La desarmonía crece, son ríos de sangre los que inundan nuestro territorio, ya ni siquiera se respetan los símbolos de la misión médica.

Hoy 1 de agosto, es atacada ambulancia que transportaba herido para recibir atención médica.

Las autoridades indígenas del Plan de Vida Proyecto Nasa, una vez más, alzamos nuestra voz de protesta frente a los hechos que afectan la armonía en el territorio. No somos ajenos a la realidad que continúa viviendo nuestro pueblo, desde tiempos inmemorables el objetivo ha sido destruir a la organización indígena, fuerza de la unidad comunitaria para la defensa de la vida, naturalmente en medio de todo este desorden el trabajo organizativo de los últimos 50 años de los pueblos indígenas del Cauca se ve afectado.

Como comunidad estamos haciendo todo lo posible por preservar la vida desde la unidad y el cuidado territorial, a pesar de todos los enemigos que han venido a hacer su guerra en nuestros territorios, vamos a perseverar con nuestro gobierno y nuestra cultura. Tenemos de nuestro lado la justeza de lo que estamos defendiendo: el derecho de gobernarnos por nuestras propias instituciones, la Madre Tierra que nos acoge y la paz para tod@s; es claro que los grupos armados no sirven para ninguno de esos propósitos.

El accionar de los grupos armados ha sido cuestionado por la comunidad de manera continua, se han realizado llamados al gobierno y a los instrumentos de derechos humanos para que se atienda la voz de un pueblo que pide a gritos el cese de hostilidades, pero hasta ahora solo recibimos como respuesta el incremento desconsiderado de acciones bélicas y demás ataques contra la comunidad.

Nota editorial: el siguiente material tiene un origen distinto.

(* Lower bound: the geodesic distance from i, truncated at a height t, is 1/|D_kl|-Lipschitz
   along every edge {k,l}, so the entries of [D_Delta, pi(a)] are at most A_kl / sqrt(Delta(k) Delta(l))
   in modulus, with A the adjacency matrix of G. Since A has row and column sums Delta(k), the Schur
   test bounds the norm of such a matrix by 1; hence a is admissible for d^{D_Delta}, and letting
   t go to infinity gives l^D(i,j) <= d^{D_Delta}(i,j).
   Upper bound: [D, pi(a)] = Delta^{1/2} [D_Delta, pi(a)] Delta^{1/2} and every Delta(k) is at most
   Delta(G), so a / Delta(G) is admissible for d^D whenever a is admissible for d^{D_Delta}. *)

lemma vnorm_eq_L2_set: "vnorm n x = L2_set (\<lambda>k. cmod (x k)) {1..n}"
  unfolding vnorm_def L2_set_def by simp

lemma vnorm_nonneg: "0 \<le> vnorm n x"
  unfolding vnorm_eq_L2_set by simp

lemma vnorm_cong: "(\<And>k. k \<in> {1..n} \<Longrightarrow> x k = y k) \<Longrightarrow> vnorm n x = vnorm n y"
  unfolding vnorm_def by simp

lemma vnorm_mult: "vnorm n (\<lambda>k. r * x k) = cmod r * vnorm n x"
  unfolding vnorm_eq_L2_set by (simp add: L2_set_right_distrib norm_mult)

lemma vnorm_le_pointwise:
  assumes "0 \<le> c" and "\<And>k. k \<in> {1..n} \<Longrightarrow> cmod (y k) \<le> c * cmod (x k)"
  shows "vnorm n y \<le> c * vnorm n x"
proof -
  have "vnorm n y \<le> L2_set (\<lambda>k. c * cmod (x k)) {1..n}"
    unfolding vnorm_eq_L2_set by (rule L2_set_mono) (use assms in auto)
  then show ?thesis
    by (simp add: vnorm_eq_L2_set L2_set_right_distrib[OF assms(1)])
qed

lemma vnorm_mvec_le_entrywise:
  "vnorm n (mvec n A x) \<le> (\<Sum>k\<in>{1..n}. \<Sum>l\<in>{1..n}. cmod (A k l)) * vnorm n x"
proof -
  have entry: "cmod (x l) \<le> vnorm n x" if "l \<in> {1..n}" for l
    unfolding vnorm_eq_L2_set by (rule member_le_L2_set) (use that in auto)
  have "cmod (mvec n A x k) \<le> (\<Sum>l\<in>{1..n}. cmod (A k l)) * vnorm n x" for k
  proof -
    have "cmod (mvec n A x k) \<le> (\<Sum>l\<in>{1..n}. cmod (A k l) * cmod (x l))"
      unfolding mvec_def by (rule norm_sum [THEN order_trans]) (simp add: norm_mult)
    also have "\<dots> \<le> (\<Sum>l\<in>{1..n}. cmod (A k l) * vnorm n x)"
      by (intro sum_mono mult_left_mono entry) auto
    finally show ?thesis by (simp add: sum_distrib_right)
  qed
  then have "vnorm n (mvec n A x) \<le> (\<Sum>k\<in>{1..n}. (\<Sum>l\<in>{1..n}. cmod (A k l)) * vnorm n x)"
    unfolding vnorm_eq_L2_set by (intro L2_set_le_sum [THEN order_trans] sum_mono) auto
  then show ?thesis by (simp add: sum_distrib_right)
qed

lemma bdd_above_opnorm: "bdd_above {vnorm n (mvec n A x) | x. vnorm n x \<le> 1}"
proof (rule bdd_aboveI)
  fix r assume "r \<in> {vnorm n (mvec n A x) | x. vnorm n x \<le> 1}"
  then obtain x where "r = vnorm n (mvec n A x)" "vnorm n x \<le> 1" by auto
  then show "r \<le> (\<Sum>k\<in>{1..n}. \<Sum>l\<in>{1..n}. cmod (A k l))"
    using vnorm_mvec_le_entrywise[of n A x]
    by (smt (verit) mult_left_le sum_nonneg norm_ge_zero)
qed

lemma opnorm_upper: "vnorm n x \<le> 1 \<Longrightarrow> vnorm n (mvec n A x) \<le> opnorm n A"
  unfolding opnorm_def by (rule cSup_upper) (use bdd_above_opnorm in auto)

lemma opnorm_least:
  assumes "\<And>x. vnorm n x \<le> 1 \<Longrightarrow> vnorm n (mvec n A x) \<le> c"
  shows "opnorm n A \<le> c"
  unfolding opnorm_def
proof (rule cSup_least)
  show "{vnorm n (mvec n A x) | x. vnorm n x \<le> 1} \<noteq> {}"
    by (auto intro!: exI[of _ "\<lambda>_. 0"] simp: vnorm_def)
qed (use assms in auto)

lemma opnorm_nonneg: "0 \<le> opnorm n A"
proof -
  have "vnorm n (\<lambda>_. 0) \<le> 1" by (simp add: vnorm_def)
  from opnorm_upper[OF this] show ?thesis by (rule order_trans[OF vnorm_nonneg])
qed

El incremento de las unidades armadas en el territorio y el accionar militar, cuando para nosotros es claro que ninguna guerra es mejor que un cese al fuego, aunque no siempre sea el mejor camino, pero también es claro que un cese al fuego que solo sirva para que los grupos armados no sean atacados por el ejército, mientras estos se ensañan con la comunidad, solo lleva a deslegitimar los diálogos de paz y la posibilidad de verdaderos acuerdos.

Sufrimos el flagelo por el enfrentamiento entre grupos armados que no son más que carteles de narcotráfico que pelean a nombre de grupos de izquierda o revolucionarios, tal es el caso de la DAGOBERTO RAMOS quienes en respuesta al acuerdo de paz y pronunciamiento de la comunidad atacan de manera indiscriminada a la comunidad lanzando explosivos en lugares donde el impacto necesariamente es a la población civil, bandas delincuenciales y las mafias narcotraficantes han llegado a nuestros territorios disfrazadas de organizaciones políticas para extorsionar a la gente o para realizar ajuste de cuentas, además, arrecian en una cacería de supuestos colaboradores de otras organizaciones armadas, conllevando al asesinato personas señaladas de ser colaboradores del ELN o del frente 57, entre los cuales figuran los excombatientes de las FARC que firmaron el acuerdo de paz. Es vergonzoso para un grupo que dice llamarse Revolucionario que además de cometer esta clase de crímenes alardeen de ello, amenazando y amedrentando como sucedió el 29 de julio cuando después de cometer el asesinato de un excombatiente, en su huida disparan al sitio de cuidado territorial o cuando no permiten a los organismos de salud prestar la asistencia a un herido, como sucede hoy 1 de agosto, que violentan el derecho internacional humanitario – DIH, detienen la ambulancia y dentro de ella, asesinan al herido que era trasladado. Estamos convencid@s que a la hora de defender un proyecto democrático para este país, o enfrentar un posible gobierno de la extrema derecha -que será abiertamente revanchista y criminal-, no va a ser un grupo como este el que salga a confrontar. Porque para hacerlo se necesita de la comunidad organizada y conducida legítimamente por sus asambleas y autoridades; y estos sólo han producido miedo y rencor entre la gente.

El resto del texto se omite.